● RECORDS SHOWN
________________________
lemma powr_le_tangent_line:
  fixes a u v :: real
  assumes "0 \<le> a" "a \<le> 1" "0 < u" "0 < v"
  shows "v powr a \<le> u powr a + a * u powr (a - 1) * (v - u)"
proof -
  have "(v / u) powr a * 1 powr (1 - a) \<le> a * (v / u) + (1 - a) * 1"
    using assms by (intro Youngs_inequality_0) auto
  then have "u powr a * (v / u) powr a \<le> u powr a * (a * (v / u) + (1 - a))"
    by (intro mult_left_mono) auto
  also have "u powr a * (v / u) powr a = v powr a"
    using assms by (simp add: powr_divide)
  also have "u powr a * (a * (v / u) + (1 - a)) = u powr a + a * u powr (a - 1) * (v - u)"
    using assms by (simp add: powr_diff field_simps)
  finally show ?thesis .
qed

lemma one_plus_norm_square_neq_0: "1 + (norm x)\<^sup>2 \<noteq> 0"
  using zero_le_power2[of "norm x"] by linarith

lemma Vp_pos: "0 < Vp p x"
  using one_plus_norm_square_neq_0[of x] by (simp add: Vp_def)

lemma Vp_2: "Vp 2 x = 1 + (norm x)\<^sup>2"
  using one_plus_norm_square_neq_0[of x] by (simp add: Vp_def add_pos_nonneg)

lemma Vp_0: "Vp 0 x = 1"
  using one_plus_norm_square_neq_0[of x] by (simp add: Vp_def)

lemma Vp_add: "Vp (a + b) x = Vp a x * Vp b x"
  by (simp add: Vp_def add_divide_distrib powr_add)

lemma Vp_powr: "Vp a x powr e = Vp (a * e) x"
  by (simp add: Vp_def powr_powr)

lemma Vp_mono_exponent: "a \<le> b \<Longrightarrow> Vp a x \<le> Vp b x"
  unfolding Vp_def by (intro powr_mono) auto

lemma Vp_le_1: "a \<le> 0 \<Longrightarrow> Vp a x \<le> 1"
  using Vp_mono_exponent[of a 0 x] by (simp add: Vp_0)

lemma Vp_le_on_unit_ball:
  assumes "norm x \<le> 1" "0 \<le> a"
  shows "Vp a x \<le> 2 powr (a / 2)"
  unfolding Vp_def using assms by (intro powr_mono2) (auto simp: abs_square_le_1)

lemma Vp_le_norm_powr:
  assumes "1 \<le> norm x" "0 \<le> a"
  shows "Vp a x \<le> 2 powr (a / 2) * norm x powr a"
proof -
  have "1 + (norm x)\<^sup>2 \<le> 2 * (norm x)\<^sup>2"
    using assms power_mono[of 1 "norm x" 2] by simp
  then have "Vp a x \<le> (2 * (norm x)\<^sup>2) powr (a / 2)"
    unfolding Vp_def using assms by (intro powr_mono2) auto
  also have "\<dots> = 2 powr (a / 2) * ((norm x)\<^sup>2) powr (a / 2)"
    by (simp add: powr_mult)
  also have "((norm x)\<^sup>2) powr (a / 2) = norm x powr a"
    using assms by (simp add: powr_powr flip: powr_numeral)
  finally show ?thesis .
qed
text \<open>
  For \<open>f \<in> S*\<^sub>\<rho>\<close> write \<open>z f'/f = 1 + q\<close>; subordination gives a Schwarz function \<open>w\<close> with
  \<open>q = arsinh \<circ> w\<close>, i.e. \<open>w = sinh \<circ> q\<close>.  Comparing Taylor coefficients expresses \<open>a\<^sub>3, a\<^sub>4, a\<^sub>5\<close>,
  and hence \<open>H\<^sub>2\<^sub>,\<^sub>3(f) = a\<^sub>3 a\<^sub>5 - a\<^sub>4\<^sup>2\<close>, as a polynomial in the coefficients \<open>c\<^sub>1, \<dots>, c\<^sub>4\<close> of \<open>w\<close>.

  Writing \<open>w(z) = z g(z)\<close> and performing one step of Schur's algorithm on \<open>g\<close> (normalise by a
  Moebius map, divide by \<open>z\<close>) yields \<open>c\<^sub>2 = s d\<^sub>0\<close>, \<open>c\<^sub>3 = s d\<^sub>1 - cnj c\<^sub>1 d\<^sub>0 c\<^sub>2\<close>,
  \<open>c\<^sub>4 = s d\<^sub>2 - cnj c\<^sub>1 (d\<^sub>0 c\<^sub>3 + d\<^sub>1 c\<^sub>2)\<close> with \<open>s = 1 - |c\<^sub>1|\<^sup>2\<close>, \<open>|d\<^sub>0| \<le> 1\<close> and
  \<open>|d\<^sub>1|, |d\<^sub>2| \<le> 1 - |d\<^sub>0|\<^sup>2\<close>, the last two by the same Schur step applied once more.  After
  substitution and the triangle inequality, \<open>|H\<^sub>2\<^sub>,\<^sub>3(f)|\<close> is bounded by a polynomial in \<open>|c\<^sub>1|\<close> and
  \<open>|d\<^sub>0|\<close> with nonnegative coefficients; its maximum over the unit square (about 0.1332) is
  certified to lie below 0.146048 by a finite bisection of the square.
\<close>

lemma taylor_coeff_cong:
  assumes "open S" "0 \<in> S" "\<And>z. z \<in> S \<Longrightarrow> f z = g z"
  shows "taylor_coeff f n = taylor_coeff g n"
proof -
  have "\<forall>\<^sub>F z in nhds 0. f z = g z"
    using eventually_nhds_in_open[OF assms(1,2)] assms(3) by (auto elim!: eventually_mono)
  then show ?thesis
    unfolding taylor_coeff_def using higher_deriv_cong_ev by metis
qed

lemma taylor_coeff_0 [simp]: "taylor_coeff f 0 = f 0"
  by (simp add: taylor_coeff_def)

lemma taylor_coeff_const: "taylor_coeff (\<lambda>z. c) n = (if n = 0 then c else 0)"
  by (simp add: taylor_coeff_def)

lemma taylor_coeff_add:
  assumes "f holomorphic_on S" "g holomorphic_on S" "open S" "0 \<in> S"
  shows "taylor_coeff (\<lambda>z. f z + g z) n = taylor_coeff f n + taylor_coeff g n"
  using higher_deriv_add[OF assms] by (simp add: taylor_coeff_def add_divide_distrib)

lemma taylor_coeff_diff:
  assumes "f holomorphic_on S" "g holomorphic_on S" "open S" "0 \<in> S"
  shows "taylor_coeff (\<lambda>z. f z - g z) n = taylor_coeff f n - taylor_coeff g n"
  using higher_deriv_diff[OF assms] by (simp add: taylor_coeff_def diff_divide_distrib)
________________________
● HOW TO COMPLETE THIS TASK
Could you return exactly the lines above from the line with "For \<open>f \<in>" to the line with "d\<^sub>2 - cnj", both included, and nothing else?

● RESPONSE TO THIS TASK
  For \<open>f \<in> S*\<^sub>\<rho>\<close> write \<open>z f'/f = 1 + q\<close>; subordination gives a Schwarz function \<open>w\<close> with
  \<open>q = arsinh \<circ> w\<close>, i.e. \<open>w = sinh \<circ> q\<close>.  Comparing Taylor coefficients expresses \<open>a\<^sub>3, a\<^sub>4, a\<^sub>5\<close>,
  and hence \<open>H\<^sub>2\<^sub>,\<^sub>3(f) = a\<^sub>3 a\<^sub>5 - a\<^sub>4\<^sup>2\<close>, as a polynomial in the coefficients \<open>c\<^sub>1, \<dots>, c\<^sub>4\<close> of \<open>w\<close>.

  Writing \<open>w(z) = z g(z)\<close> and performing one step of Schur's algorithm on \<open>g\<close> (normalise by a
  Moebius map, divide by \<open>z\<close>) yields \<open>c\<^sub>2 = s d\<^sub>0\<close>, \<open>c\<^sub>3 = s d\<^sub>1 - cnj c\<^sub>1 d\<^sub>0 c\<^sub>2\<close>,
  \<open>c\<^sub>4 = s d\<^sub>2 - cnj c\<^sub>1 (d\<^sub>0 c\<^sub>3 + d\<^sub>1 c\<^sub>2)\<close> with \<open>s = 1 - |c\<^sub>1|\<^sup>2\<close>, \<open>|d\<^sub>0| \<le> 1\<close> and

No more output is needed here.